Exercise details:
Copy every line from the material below that holds "lemma".

*** Begin section ***

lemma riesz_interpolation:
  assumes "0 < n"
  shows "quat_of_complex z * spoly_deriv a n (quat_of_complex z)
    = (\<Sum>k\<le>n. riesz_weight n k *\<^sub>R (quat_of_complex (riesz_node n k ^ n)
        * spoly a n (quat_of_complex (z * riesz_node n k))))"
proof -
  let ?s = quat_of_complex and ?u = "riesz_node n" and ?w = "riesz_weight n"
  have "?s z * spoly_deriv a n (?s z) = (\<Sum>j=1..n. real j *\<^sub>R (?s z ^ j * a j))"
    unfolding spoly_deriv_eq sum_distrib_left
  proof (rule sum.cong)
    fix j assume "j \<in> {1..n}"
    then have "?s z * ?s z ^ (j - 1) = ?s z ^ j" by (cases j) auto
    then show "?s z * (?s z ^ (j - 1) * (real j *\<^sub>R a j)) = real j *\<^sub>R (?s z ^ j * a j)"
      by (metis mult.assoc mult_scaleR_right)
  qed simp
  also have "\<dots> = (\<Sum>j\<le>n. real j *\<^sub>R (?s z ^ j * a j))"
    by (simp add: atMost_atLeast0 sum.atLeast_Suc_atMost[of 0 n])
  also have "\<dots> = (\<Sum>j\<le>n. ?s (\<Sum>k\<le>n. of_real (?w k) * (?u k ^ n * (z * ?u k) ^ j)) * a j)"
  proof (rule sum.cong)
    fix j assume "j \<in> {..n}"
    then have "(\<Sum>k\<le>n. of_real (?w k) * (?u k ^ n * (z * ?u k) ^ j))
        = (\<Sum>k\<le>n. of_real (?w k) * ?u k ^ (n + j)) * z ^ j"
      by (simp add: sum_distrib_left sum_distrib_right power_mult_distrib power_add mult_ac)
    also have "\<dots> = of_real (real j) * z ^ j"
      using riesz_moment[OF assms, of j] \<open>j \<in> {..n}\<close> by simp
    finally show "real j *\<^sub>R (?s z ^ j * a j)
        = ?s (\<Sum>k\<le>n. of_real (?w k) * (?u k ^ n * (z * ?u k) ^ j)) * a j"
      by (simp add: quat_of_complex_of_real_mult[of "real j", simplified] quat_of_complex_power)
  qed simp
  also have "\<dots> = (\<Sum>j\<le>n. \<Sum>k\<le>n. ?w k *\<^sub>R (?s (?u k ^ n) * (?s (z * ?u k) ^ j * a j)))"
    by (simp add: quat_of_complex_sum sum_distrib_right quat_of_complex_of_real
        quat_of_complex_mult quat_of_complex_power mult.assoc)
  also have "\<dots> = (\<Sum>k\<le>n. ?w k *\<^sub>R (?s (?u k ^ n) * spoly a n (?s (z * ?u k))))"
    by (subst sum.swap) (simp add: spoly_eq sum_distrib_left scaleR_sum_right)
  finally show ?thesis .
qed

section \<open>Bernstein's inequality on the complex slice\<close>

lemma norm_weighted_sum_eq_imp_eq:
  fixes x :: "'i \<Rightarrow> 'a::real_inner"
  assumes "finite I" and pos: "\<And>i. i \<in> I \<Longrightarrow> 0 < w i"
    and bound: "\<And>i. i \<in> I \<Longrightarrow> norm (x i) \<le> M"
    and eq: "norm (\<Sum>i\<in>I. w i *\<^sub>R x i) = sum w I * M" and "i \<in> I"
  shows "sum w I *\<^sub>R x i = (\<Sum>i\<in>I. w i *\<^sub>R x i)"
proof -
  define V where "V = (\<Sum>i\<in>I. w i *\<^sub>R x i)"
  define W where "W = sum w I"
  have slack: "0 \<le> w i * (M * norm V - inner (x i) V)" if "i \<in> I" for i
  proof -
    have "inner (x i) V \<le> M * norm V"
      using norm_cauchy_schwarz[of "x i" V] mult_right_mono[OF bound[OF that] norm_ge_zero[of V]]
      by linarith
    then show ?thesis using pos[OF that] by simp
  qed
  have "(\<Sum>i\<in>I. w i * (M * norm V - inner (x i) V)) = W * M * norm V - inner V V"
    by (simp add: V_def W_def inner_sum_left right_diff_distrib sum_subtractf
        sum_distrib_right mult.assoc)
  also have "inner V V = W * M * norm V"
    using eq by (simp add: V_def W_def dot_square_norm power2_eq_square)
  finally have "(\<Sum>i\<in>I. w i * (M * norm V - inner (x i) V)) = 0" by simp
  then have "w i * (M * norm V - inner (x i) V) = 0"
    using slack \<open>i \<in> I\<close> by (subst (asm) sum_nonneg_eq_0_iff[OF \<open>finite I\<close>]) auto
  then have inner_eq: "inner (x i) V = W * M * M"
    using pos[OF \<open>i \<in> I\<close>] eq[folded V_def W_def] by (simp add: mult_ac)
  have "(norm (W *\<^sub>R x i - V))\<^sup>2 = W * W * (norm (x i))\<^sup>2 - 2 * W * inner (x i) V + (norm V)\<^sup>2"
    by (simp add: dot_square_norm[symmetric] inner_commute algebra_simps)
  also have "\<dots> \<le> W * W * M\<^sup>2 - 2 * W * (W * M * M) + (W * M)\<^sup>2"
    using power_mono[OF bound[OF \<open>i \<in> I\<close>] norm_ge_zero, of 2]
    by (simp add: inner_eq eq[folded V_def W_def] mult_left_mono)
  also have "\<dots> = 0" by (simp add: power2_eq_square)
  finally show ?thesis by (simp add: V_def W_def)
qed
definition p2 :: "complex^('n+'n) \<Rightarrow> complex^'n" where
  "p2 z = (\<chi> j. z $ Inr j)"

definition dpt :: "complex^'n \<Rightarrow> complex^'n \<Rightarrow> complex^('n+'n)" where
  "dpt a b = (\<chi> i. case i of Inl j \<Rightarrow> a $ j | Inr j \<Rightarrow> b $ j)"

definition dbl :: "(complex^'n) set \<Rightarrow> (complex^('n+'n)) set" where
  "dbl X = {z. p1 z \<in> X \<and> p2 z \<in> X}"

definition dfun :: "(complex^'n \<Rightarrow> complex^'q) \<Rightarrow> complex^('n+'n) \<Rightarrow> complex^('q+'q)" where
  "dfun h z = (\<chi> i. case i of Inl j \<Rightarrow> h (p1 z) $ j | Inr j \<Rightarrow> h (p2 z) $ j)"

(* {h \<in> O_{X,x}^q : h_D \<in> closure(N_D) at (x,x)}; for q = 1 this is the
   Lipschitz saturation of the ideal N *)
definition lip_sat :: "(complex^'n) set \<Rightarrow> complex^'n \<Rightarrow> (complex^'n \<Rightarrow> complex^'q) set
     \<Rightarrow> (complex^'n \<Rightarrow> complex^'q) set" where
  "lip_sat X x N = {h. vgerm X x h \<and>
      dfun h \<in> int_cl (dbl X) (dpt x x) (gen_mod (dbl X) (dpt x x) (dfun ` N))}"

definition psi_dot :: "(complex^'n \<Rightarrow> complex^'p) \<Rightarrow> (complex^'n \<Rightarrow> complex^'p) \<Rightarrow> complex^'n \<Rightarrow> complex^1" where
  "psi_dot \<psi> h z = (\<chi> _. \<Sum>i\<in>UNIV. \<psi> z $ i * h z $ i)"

*** End section ***

Solution to this problem:
lemma riesz_interpolation:
lemma norm_weighted_sum_eq_imp_eq:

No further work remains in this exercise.